Various methods have been proposed to detect communities in complex networks. Among them, one of the most popular techniques is based on the optimization of an objective, modularity, which is the most widely used criterion to evaluate the quality of the community structure of networks [6], [11]. The modularity optimization methods to detect communities are based on searching a particular network partition which has the maximal modularity [6], [11]. Recent studies in [12], [13] demonstrate that the number of local maxima in the optimization of modularity is exponentially growing with the increase of the size of complex networks.
Many heuristic algorithms based on optimizing modularity for community detection have been proposed in recent years [14], [15], [16], [17], [18], [19], [20], [21], [22], [23], [24], [25], [26]. Some of them optimize from one solution to a better one and thus easily get into local optimal solutions [27]. Moreover, some of them are sensitive to the optimized order and thus the detected network partitions are not stable [6], [27]. For instance, the fast greedy method (FM) [14], which iteratively joins a pair of communities with the largest gain in modularity, tends to obtain quite large communities and neglect small ones [6], and thus it is easy to get into a local optimal network partition. The modularity-specific label propagation algorithm (LPAm), proposed by Barber and Clark [19], is sensitive to the optimized order of the nodes, and thus the revealed network partitions are different at different independent trials. Moreover, it is also easy to get into a local optimal network partition where the detected communities are similar in total degree [20]. The multistep techniques, proposed by Blondel et al. [17] and Schuetz and Cafisch [18], which iteratively merges a set of nodes and communities, are also easy to get into a local optimal solution. This is because the merged nodes and communities can hardly be separated again [28]. Several techniques have been proposed to enhance both the accuracy and the stability of modularity-based optimization methods. Lai et al. [29] and Yan and Gregory [30] use network preprocessing techniques to improve the accuracy. Both of them are based on the assumption that the vertices in the same community possess more similar behaviors than those in different communities. Lancichinetti and Fortunato [31] adopt the consensus clustering technique to enhance both the accuracy and the stability of the resulting network partitions. Pizzuti, Shi and we adopt multiobjective optimization algorithms to discover a proper and stable network partition which has a high value of modularity [25], [32], [33]. In this study, we try to use an intelligent hybrid technique, memetic algorithm (MA), to improve the performance of modularity-based community detection algorithms by simultaneously evolving a population of solutions to better ones.

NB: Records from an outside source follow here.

definition adj_in :: "'v set \<Rightarrow> 'e set \<Rightarrow> ('e \<Rightarrow> bool \<Rightarrow> 'v) \<Rightarrow> ('v \<times> 'v) set" where
  "adj_in W E ep = {(ep e d, ep e (\<not> d)) | e d. e \<in> E \<and> ep e False \<in> W \<and> ep e True \<in> W}"

definition connected_graph :: "'v set \<Rightarrow> 'e set \<Rightarrow> ('e \<Rightarrow> bool \<Rightarrow> 'v) \<Rightarrow> bool" where
  "connected_graph V E ep \<longleftrightarrow> V \<noteq> {} \<and> (\<forall>u\<in>V. \<forall>v\<in>V. (u, v) \<in> (adj_in V E ep)\<^sup>*)"

definition eulerian :: "'v set \<Rightarrow> 'e set \<Rightarrow> ('e \<Rightarrow> bool \<Rightarrow> 'v) \<Rightarrow> bool" where
  "eulerian V E ep \<longleftrightarrow> graph V E ep \<and> connected_graph V E ep \<and> (\<forall>v\<in>V. even (degree E ep v))"

definition tail :: "('e \<Rightarrow> bool \<Rightarrow> 'v) \<Rightarrow> 'e \<times> bool \<Rightarrow> 'v" where
  "tail ep a = ep (fst a) (snd a)"

definition head :: "('e \<Rightarrow> bool \<Rightarrow> 'v) \<Rightarrow> 'e \<times> bool \<Rightarrow> 'v" where
  "head ep a = ep (fst a) (\<not> snd a)"

definition trail :: "'e set \<Rightarrow> ('e \<Rightarrow> bool \<Rightarrow> 'v) \<Rightarrow> ('e \<times> bool) list \<Rightarrow> bool" where
  "trail E ep T \<longleftrightarrow> set (map fst T) \<subseteq> E \<and> distinct (map fst T) \<and>
     (\<forall>i. Suc i < length T \<longrightarrow> head ep (T ! i) = tail ep (T ! Suc i))"

definition circuit :: "'e set \<Rightarrow> ('e \<Rightarrow> bool \<Rightarrow> 'v) \<Rightarrow> ('e \<times> bool) list \<Rightarrow> bool" where
  "circuit E ep T \<longleftrightarrow> trail E ep T \<and> T \<noteq> [] \<and> head ep (last T) = tail ep (hd T)"

definition hits :: "('e \<Rightarrow> bool \<Rightarrow> 'v) \<Rightarrow> ('e \<times> bool) list \<Rightarrow> 'v \<Rightarrow> bool" where
  "hits ep T v \<longleftrightarrow> (\<exists>a\<in>set T. tail ep a = v \<or> head ep a = v)"

definition circuit_decomposition :: "'e set \<Rightarrow> ('e \<Rightarrow> bool \<Rightarrow> 'v) \<Rightarrow> ('e \<times> bool) list list \<Rightarrow> bool" where
  "circuit_decomposition E ep Cs \<longleftrightarrow> (\<forall>C\<in>set Cs. circuit E ep C) \<and>
     (\<forall>e\<in>E. \<exists>!i. i < length Cs \<and> e \<in> fst ` set (Cs ! i))"

definition weight :: "('e \<Rightarrow> bit) \<Rightarrow> ('e \<times> bool) list \<Rightarrow> bit" where
  "weight \<gamma> T = sum_list (map (\<lambda>a. \<gamma> (fst a)) T)"

definition flooding_number ::
  "'v set \<Rightarrow> 'e set \<Rightarrow> ('e \<Rightarrow> bool \<Rightarrow> 'v) \<Rightarrow> ('e \<Rightarrow> bit) \<Rightarrow> 'v \<Rightarrow> nat" where
  "flooding_number V E ep \<gamma> b = Max ({0} \<union> {length Cs | Cs. circuit_decomposition E ep Cs \<and>
      (\<forall>C\<in>set Cs. weight \<gamma> C \<noteq> 0 \<and> hits ep C b)})"

definition shift_at :: "'e set \<Rightarrow> ('e \<Rightarrow> bool \<Rightarrow> 'v) \<Rightarrow> 'v \<Rightarrow> ('e \<Rightarrow> bit) \<Rightarrow> ('e \<Rightarrow> bit)" where
  "shift_at E ep v \<gamma> = (\<lambda>e. if e \<in> E \<and> \<not> is_loop ep e \<and> (ep e False = v \<or> ep e True = v)
                           then \<gamma> e + 1 else \<gamma> e)"

inductive is_shifting :: "'v set \<Rightarrow> 'e set \<Rightarrow> ('e \<Rightarrow> bool \<Rightarrow> 'v) \<Rightarrow> ('e \<Rightarrow> bit) \<Rightarrow> ('e \<Rightarrow> bit) \<Rightarrow> bool"
  for V E ep \<gamma> where
  refl: "is_shifting V E ep \<gamma> \<gamma>"
| step: "is_shifting V E ep \<gamma> \<gamma>' \<Longrightarrow> v \<in> V \<Longrightarrow> is_shifting V E ep \<gamma> (shift_at E ep v \<gamma>')"

definition E_in :: "'e set \<Rightarrow> ('e \<Rightarrow> bool \<Rightarrow> 'v) \<Rightarrow> 'v set \<Rightarrow> 'e set" where
  "E_in E ep X = {e \<in> E. ep e False \<in> X \<and> ep e True \<in> X}"

definition delta :: "'e set \<Rightarrow> ('e \<Rightarrow> bool \<Rightarrow> 'v) \<Rightarrow> 'v set \<Rightarrow> 'e set" where
  "delta E ep X = {e \<in> E. (ep e False \<in> X) \<noteq> (ep e True \<in> X)}"

definition wcount :: "('e \<Rightarrow> bit) \<Rightarrow> 'e set \<Rightarrow> nat" where
  "wcount \<gamma> F = card {e \<in> F. \<gamma> e = 1}"

definition odd_set :: "'e set \<Rightarrow> ('e \<Rightarrow> bool \<Rightarrow> 'v) \<Rightarrow> ('e \<Rightarrow> bit) \<Rightarrow> 'v set \<Rightarrow> bool" where
  "odd_set E ep \<gamma> Y \<longleftrightarrow>
     odd (wcount \<gamma> (E_in E ep Y \<union> delta E ep Y)) \<noteq> odd (card (delta E ep Y) div 2)"

definition components_minus :: "'v set \<Rightarrow> 'e set \<Rightarrow> ('e \<Rightarrow> bool \<Rightarrow> 'v) \<Rightarrow> 'v set \<Rightarrow> 'v set set" where
  "components_minus V E ep X =
     {{u \<in> V - X. (v, u) \<in> (adj_in (V - X) E ep)\<^sup>*} | v. v \<in> V - X}"

definition odd_components :: "'v set \<Rightarrow> 'e set \<Rightarrow> ('e \<Rightarrow> bool \<Rightarrow> 'v) \<Rightarrow> ('e \<Rightarrow> bit) \<Rightarrow> 'v set \<Rightarrow> nat" where
  "odd_components V E ep \<gamma> X = card {C \<in> components_minus V E ep X. odd_set E ep \<gamma> C}"

end

(*
  Shifting at a vertex v changes the weight of a circuit by the number of its edges in
  delta {v}, which is even because a circuit crosses every cut an even number of times;
  hence every circuit of a flooding keeps non-zero weight under the shifted signature.

  For an edge set F and a component K of G - X, call
  wcount (F \<inter> (E(K) \<union> delta K)) + |F \<inter> delta K| / 2 the charge of F on K.  For F = E its
  parity is exactly what makes K odd, and it is additive over the circuits of a
  decomposition, so every odd component has odd charge on some circuit.  A circuit through
  b on which all components of a set S have odd charge satisfies
  2 + 2|S| \<le> 2 wcount (C \<inter> E(X)) + |C \<inter> delta X|: every such component is crossed at least
  twice, and if all these estimates were tight, the charges of C, all odd, would add up
  to wcount C + |S|, forcing C to have even weight.  Summing over the
  circuits of a flooding gives the bound; without any flooding, the handshake lemma still
  gives 2 odd(G - X) \<le> |delta X|.
*)

theory Submission
  imports Defs
begin

lemma of_nat_bit_eq_0_iff: "(of_nat n :: bit) = 0 \<longleftrightarrow> even n"
  by (metis Z2.bit_eq_iff even_of_nat even_zero)

lemma sum_list_rotate1: "sum_list (rotate1 xs) = sum_list (xs :: 'a::comm_monoid_add list)"
  by (cases xs) (simp_all add: add.commute)

lemma sum_UNIV_bool: "(\<Sum>d\<in>UNIV. f d) = f False + (f True :: 'a::comm_monoid_add)"
  by (simp add: UNIV_bool add.commute)

lemma two_le_even_nat: "even (n::nat) \<Longrightarrow> n \<noteq> 0 \<Longrightarrow> 2 \<le> n"
  by (elim evenE) simp

lemma sum_div_dvd_nat:
  assumes "\<And>i. i \<in> I \<Longrightarrow> c dvd f i"
  shows "(\<Sum>i\<in>I. f i) div c = (\<Sum>i\<in>I. f i div (c::nat))"
proof -
  have "(\<Sum>i\<in>I. f i) = c * (\<Sum>i\<in>I. f i div c)"
    unfolding sum_distrib_left using assms by (intro sum.cong) simp_all
  then show ?thesis by (cases "c = 0") simp_all
qed

lemma card_UN_Int:
  assumes "finite I" "\<And>i. i \<in> I \<Longrightarrow> finite (F i)"
    and "\<And>i j. i \<in> I \<Longrightarrow> j \<in> I \<Longrightarrow> i \<noteq> j \<Longrightarrow> F i \<inter> F j = {}"
  shows "card ((\<Union>i\<in>I. F i) \<inter> B) = (\<Sum>i\<in>I. card (F i \<inter> B))"
proof -
  have "(\<Union>i\<in>I. F i) \<inter> B = (\<Union>i\<in>I. F i \<inter> B)" by blast
  also have "card \<dots> = (\<Sum>i\<in>I. card (F i \<inter> B))"
    using assms by (intro card_UN_disjoint) blast+
  finally show ?thesis .
qed

lemma rtrancl_exits_set:
  "(x, y) \<in> r\<^sup>* \<Longrightarrow> x \<in> A \<Longrightarrow> y \<notin> A \<Longrightarrow> \<exists>p q. (p, q) \<in> r \<and> p \<in> A \<and> q \<notin> A"
  by (induction rule: rtrancl_induct) auto

section \<open>Edge sets of vertex sets\<close>

lemma E_in_subset: "E_in E ep Y \<subseteq> E"
  unfolding E_in_def by blast

lemma delta_subset: "delta E ep Y \<subseteq> E"
  unfolding delta_def by blast

lemma E_in_end: "e \<in> E_in E ep Y \<Longrightarrow> ep e d \<in> Y"
  unfolding E_in_def by (cases d) auto

lemma deltaI: "e \<in> E \<Longrightarrow> ep e d \<in> Y \<Longrightarrow> ep e (\<not> d) \<notin> Y \<Longrightarrow> e \<in> delta E ep Y"
  unfolding delta_def by (cases d) auto

lemma deltaE:
  assumes "e \<in> delta E ep Y"
  obtains d where "e \<in> E" "ep e d \<in> Y" "ep e (\<not> d) \<notin> Y"
proof (cases "ep e False \<in> Y")
  case True
  then show ?thesis using that[of False] assms unfolding delta_def by simp
next
  case False
  then show ?thesis using that[of True] assms unfolding delta_def by simp
qed

lemma of_bool_delta:
  "e \<in> E \<Longrightarrow> (of_bool (e \<in> delta E ep Y) :: bit) = of_bool (ep e d \<in> Y) + of_bool (ep e (\<not> d) \<in> Y)"
  by (cases d) (auto simp: delta_def)

definition incident_edges :: "'e set \<Rightarrow> ('e \<Rightarrow> bool \<Rightarrow> 'v) \<Rightarrow> 'v set \<Rightarrow> 'e set" where
  "incident_edges E ep Y = {e \<in> E. \<exists>d. ep e d \<in> Y}"

lemma incident_edges_eq: "incident_edges E ep Y = E_in E ep Y \<union> delta E ep Y"
  unfolding incident_edges_def E_in_def delta_def by (auto simp: ex_bool_eq)

lemma delta_subset_incident_edges: "delta E ep Y \<subseteq> incident_edges E ep Y"
  unfolding incident_edges_eq by blast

With the rapid development of computer science, mathematics and biology, the research on intelligent algorithms for solving practical engineering problems has attracted increasing attentions in recent years. Many intelligent algorithms, including genetic algorithm (GA) [34], memetic algorithm [35], [36], [37], artificial neural network [38], simulated annealing [15], swarm intelligence algorithms [39], fuzzy system [40], [41], [42], [43], [44], artificial immune system [39], and so on, have been designed as problem-specific techniques for tackling and solving real-world applications [32], [45], [46], [47], [48], [49], [50], [51]. Compared with the traditional algorithms, the problem-specific intelligent algorithms can effectively find a proper solution with high quality in a reasonable period of time [39].
Memetic algorithms (MAs) are hybrid global-local heuristic search methodologies [35]. The global heuristic search is usually a form of population-based method, while the local search is generally considered as an individual learning procedure for accelerating the convergence to an optimum [35]. In general, the population-based global search has the advantage of exploring the promising search space and providing a reliable estimate of the global optimum [36]. However, the population-based global search is difficult to discover an optimal solution around the explored search space in a short time. The local search is usually designed for accelerating the search and finding the best solutions on the explored search space. Therefore, this hybridization, which synthesizes the complementary advantages of the population-based global search and the individual-based local search, can effectively produce better solutions [37]. Recent studies on MAs have demonstrated that they are effective and efficient for tackling the optimization problems in many real world applications [35], [36], [37], [48], [49], [50], [51]. MAs have also been used for uncovering communities in networks in recent years [45], [52], [53], [54]. For instance, in [45], we proposed a memetic algorithm, named as Meme-Net, to uncover communities at different hierarchical levels. Meme-Net shows its effectiveness. However, its high computational complexity makes it impossible to search communities on slightly large networks. Shang et al. [52] and we [53] try to adopt simulated annealing as an individual learning procedure to decrease the computational complexity of Meme-Net. However, their computational complexity are still very high relative to classical modularity-based community detection algorithms. The algorithm in [54] adopts the technique in [17] as the local search. Meanwhile, it takes a large amount of time and energy on generating initial population as it directly use the algorithm in [17] to initialize a population of solutions. Therefore, the algorithms in [45], [52], [53], [54] are difficult to apply to real-world problems.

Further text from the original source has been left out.